┏━━

lemma norm_bilin_H_map_lt_2:
  assumes "hnorm2 (G z) < 1"
  shows "cmod (bilin (H_map G l z)) < 2"
proof -
  define g where "g = G z $ l"
  define s where "s = (\<Sum>i\<in>UNIV - {l}. (G z $ i)\<^sup>2)"
  have "cmod g < 1"
    unfolding g_def using assms by (rule norm_vec_nth_lt_1)
  have "hnorm2 (G z) = (cmod g)\<^sup>2 + (\<Sum>i\<in>UNIV - {l}. (cmod (G z $ i))\<^sup>2)"
    unfolding hnorm2_def g_def by (rule sum.remove) auto
  with assms norm_sum_squares_le[of "\<lambda>i. G z $ i" "UNIV - {l}"]
  have "cmod s < (1 - cmod g) * (1 + cmod g)"
    unfolding s_def by (simp add: algebra_simps power2_eq_square)
  also have "\<dots> \<le> cmod (1 - g) * 2"
    using \<open>cmod g < 1\<close> norm_triangle_ineq2[of 1 g] by (intro mult_mono) auto
  finally have "cmod (s / (1 - g)) < 2"
    using \<open>cmod g < 1\<close> by (auto simp: norm_divide divide_less_eq)
  moreover have "g \<noteq> 1"
    using \<open>cmod g < 1\<close> by auto
  ultimately show ?thesis
    unfolding g_def s_def by (simp add: bilin_H_map)
qed

lemma holo_on_H_map:
  assumes "holo_on G S" "\<And>z. z \<in> S \<Longrightarrow> G z $ l \<noteq> 1"
  shows "holo_on (H_map G l) S"
proof (rule holo_onI_components)
  fix z j assume "z \<in> S"
  have G: "\<And>i. holo_at (\<lambda>x. G x $ i) z"
    using holo_at_vec_nth[OF assms(1) \<open>z \<in> S\<close>] .
  have Q: "complex_of_real (sqrt 2) * (1 - G z $ l) \<noteq> 0"
    using assms(2)[OF \<open>z \<in> S\<close>] by simp
  have new_coordinate: "holo_at (\<lambda>x. P x / (complex_of_real (sqrt 2) * (1 - G x $ l))) z"
    if "P = (\<lambda>x. c * ((\<Sum>i\<in>UNIV - {l}. (G x $ i)\<^sup>2) / 2 + d * (G x $ l)\<^sup>2 + e * G x $ l))"
    for P c d e
    unfolding that
    by (intro holo_at_divide holo_at_add holo_at_mult holo_at_diff holo_at_power2 holo_at_sum
        holo_at_const G Q) simp
  show "holo_at (\<lambda>x. H_map G l x $ j) z"
  proof (cases j)
    case (Inl i)
    show ?thesis
      using new_coordinate[of _ 1 "-1" 1]
      unfolding Inl H_map_def Let_def by (cases "i = l") (simp_all add: G)
  next
    case Inr
    show ?thesis
      using new_coordinate[of _ \<i> 1 "-1"]
      unfolding Inr H_map_def Let_def by simp
  qed
qed

lemma bilin_W_map: "bilin (W_map G z) = 2 * (1 - csqrt (1 - bilin (G z)))"
proof -
  have "bilin (W_map G z) = bilin (G z) + (1 - csqrt (1 - bilin (G z)))\<^sup>2"
    unfolding bilin_def W_map_def sum_UNIV_Plus_unit by simp
  also have "\<dots> = 2 * (1 - csqrt (1 - bilin (G z)))"
    using power2_csqrt[of "1 - bilin (G z)"] by (simp add: power2_eq_square algebra_simps)
  finally show ?thesis .
qed

lemma rho_IV_W_map: "rho_IV (W_map G z) = 1 - hnorm2 (G z)"
proof -
  have "hnorm2 (W_map G z) = hnorm2 (G z) + (cmod (1 - csqrt (1 - bilin (G z))))\<^sup>2"
    unfolding hnorm2_def bilin_def W_map_def sum_UNIV_Plus_unit by simp
  then show ?thesis
    unfolding rho_IV_def bilin_W_map norm_mult by (simp add: power_mult_distrib)
qed

text \<open>\<open>(1 - \<surd>(1 - t))(1 + \<surd>(1 - t)) = t\<close>, and \<open>\<bar>1 + \<surd>(1 - t)\<bar> \<ge> 1\<close> because the
  principal root has nonnegative real part.\<close>
lemma norm_1_minus_csqrt_1_minus_le: "cmod (1 - csqrt (1 - t)) \<le> cmod t"
proof -
  define u where "u = csqrt (1 - t)"
  have "(1 - u) * (1 + u) = t"
    unfolding u_def by (simp add: algebra_simps flip: power2_eq_square)
  then have prod: "cmod (1 - u) * cmod (1 + u) = cmod t"
    by (metis norm_mult)
  have "1 \<le> Re (1 + u)"
    using Re_csqrt[of "1 - t"] unfolding u_def by simp
  then have "1 \<le> cmod (1 + u)"
    using complex_Re_le_cmod[of "1 + u"] by linarith
  then show ?thesis
    using prod mult_left_mono[of 1 "cmod (1 + u)" "cmod (1 - u)"] unfolding u_def by simp
qed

┗━━

YOUR OBJECTIVE. Reproduce the material above precisely, omitting nothing.

RESULT FOR THIS TASK.
lemma norm_bilin_H_map_lt_2:
  assumes "hnorm2 (G z) < 1"
  shows "cmod (bilin (H_map G l z)) < 2"
proof -
  define g where "g = G z $ l"
  define s where "s = (\<Sum>i\<in>UNIV - {l}. (G z $ i)\<^sup>2)"
  have "cmod g < 1"
    unfolding g_def using assms by (rule norm_vec_nth_lt_1)
  have "hnorm2 (G z) = (cmod g)\<^sup>2 + (\<Sum>i\<in>UNIV - {l}. (cmod (G z $ i))\<^sup>2)"
    unfolding hnorm2_def g_def by (rule sum.remove) auto
  with assms norm_sum_squares_le[of "\<lambda>i. G z $ i" "UNIV - {l}"]
  have "cmod s < (1 - cmod g) * (1 + cmod g)"
    unfolding s_def by (simp add: algebra_simps power2_eq_square)
  also have "\<dots> \<le> cmod (1 - g) * 2"
    using \<open>cmod g < 1\<close> norm_triangle_ineq2[of 1 g] by (intro mult_mono) auto
  finally have "cmod (s / (1 - g)) < 2"
    using \<open>cmod g < 1\<close> by (auto simp: norm_divide divide_less_eq)
  moreover have "g \<noteq> 1"
    using \<open>cmod g < 1\<close> by auto
  ultimately show ?thesis
    unfolding g_def s_def by (simp add: bilin_H_map)
qed

lemma holo_on_H_map:
  assumes "holo_on G S" "\<And>z. z \<in> S \<Longrightarrow> G z $ l \<noteq> 1"
  shows "holo_on (H_map G l) S"
proof (rule holo_onI_components)
  fix z j assume "z \<in> S"
  have G: "\<And>i. holo_at (\<lambda>x. G x $ i) z"
    using holo_at_vec_nth[OF assms(1) \<open>z \<in> S\<close>] .
  have Q: "complex_of_real (sqrt 2) * (1 - G z $ l) \<noteq> 0"
    using assms(2)[OF \<open>z \<in> S\<close>] by simp
  have new_coordinate: "holo_at (\<lambda>x. P x / (complex_of_real (sqrt 2) * (1 - G x $ l))) z"
    if "P = (\<lambda>x. c * ((\<Sum>i\<in>UNIV - {l}. (G x $ i)\<^sup>2) / 2 + d * (G x $ l)\<^sup>2 + e * G x $ l))"
    for P c d e
    unfolding that
    by (intro holo_at_divide holo_at_add holo_at_mult holo_at_diff holo_at_power2 holo_at_sum
        holo_at_const G Q) simp
  show "holo_at (\<lambda>x. H_map G l x $ j) z"
  proof (cases j)
    case (Inl i)
    show ?thesis
      using new_coordinate[of _ 1 "-1" 1]
      unfolding Inl H_map_def Let_def by (cases "i = l") (simp_all add: G)
  next
    case Inr
    show ?thesis
      using new_coordinate[of _ \<i> 1 "-1"]
      unfolding Inr H_map_def Let_def by simp
  qed
qed

lemma bilin_W_map: "bilin (W_map G z) = 2 * (1 - csqrt (1 - bilin (G z)))"
proof -
  have "bilin (W_map G z) = bilin (G z) + (1 - csqrt (1 - bilin (G z)))\<^sup>2"
    unfolding bilin_def W_map_def sum_UNIV_Plus_unit by simp
  also have "\<dots> = 2 * (1 - csqrt (1 - bilin (G z)))"
    using power2_csqrt[of "1 - bilin (G z)"] by (simp add: power2_eq_square algebra_simps)
  finally show ?thesis .
qed

lemma rho_IV_W_map: "rho_IV (W_map G z) = 1 - hnorm2 (G z)"
proof -
  have "hnorm2 (W_map G z) = hnorm2 (G z) + (cmod (1 - csqrt (1 - bilin (G z))))\<^sup>2"
    unfolding hnorm2_def bilin_def W_map_def sum_UNIV_Plus_unit by simp
  then show ?thesis
    unfolding rho_IV_def bilin_W_map norm_mult by (simp add: power_mult_distrib)
qed

text \<open>\<open>(1 - \<surd>(1 - t))(1 + \<surd>(1 - t)) = t\<close>, and \<open>\<bar>1 + \<surd>(1 - t)\<bar> \<ge> 1\<close> because the
  principal root has nonnegative real part.\<close>
lemma norm_1_minus_csqrt_1_minus_le: "cmod (1 - csqrt (1 - t)) \<le> cmod t"
proof -
  define u where "u = csqrt (1 - t)"
  have "(1 - u) * (1 + u) = t"
    unfolding u_def by (simp add: algebra_simps flip: power2_eq_square)
  then have prod: "cmod (1 - u) * cmod (1 + u) = cmod t"
    by (metis norm_mult)
  have "1 \<le> Re (1 + u)"
    using Re_csqrt[of "1 - t"] unfolding u_def by simp
  then have "1 \<le> cmod (1 + u)"
    using complex_Re_le_cmod[of "1 + u"] by linarith
  then show ?thesis
    using prod mult_left_mono[of 1 "cmod (1 + u)" "cmod (1 - u)"] unfolding u_def by simp
qed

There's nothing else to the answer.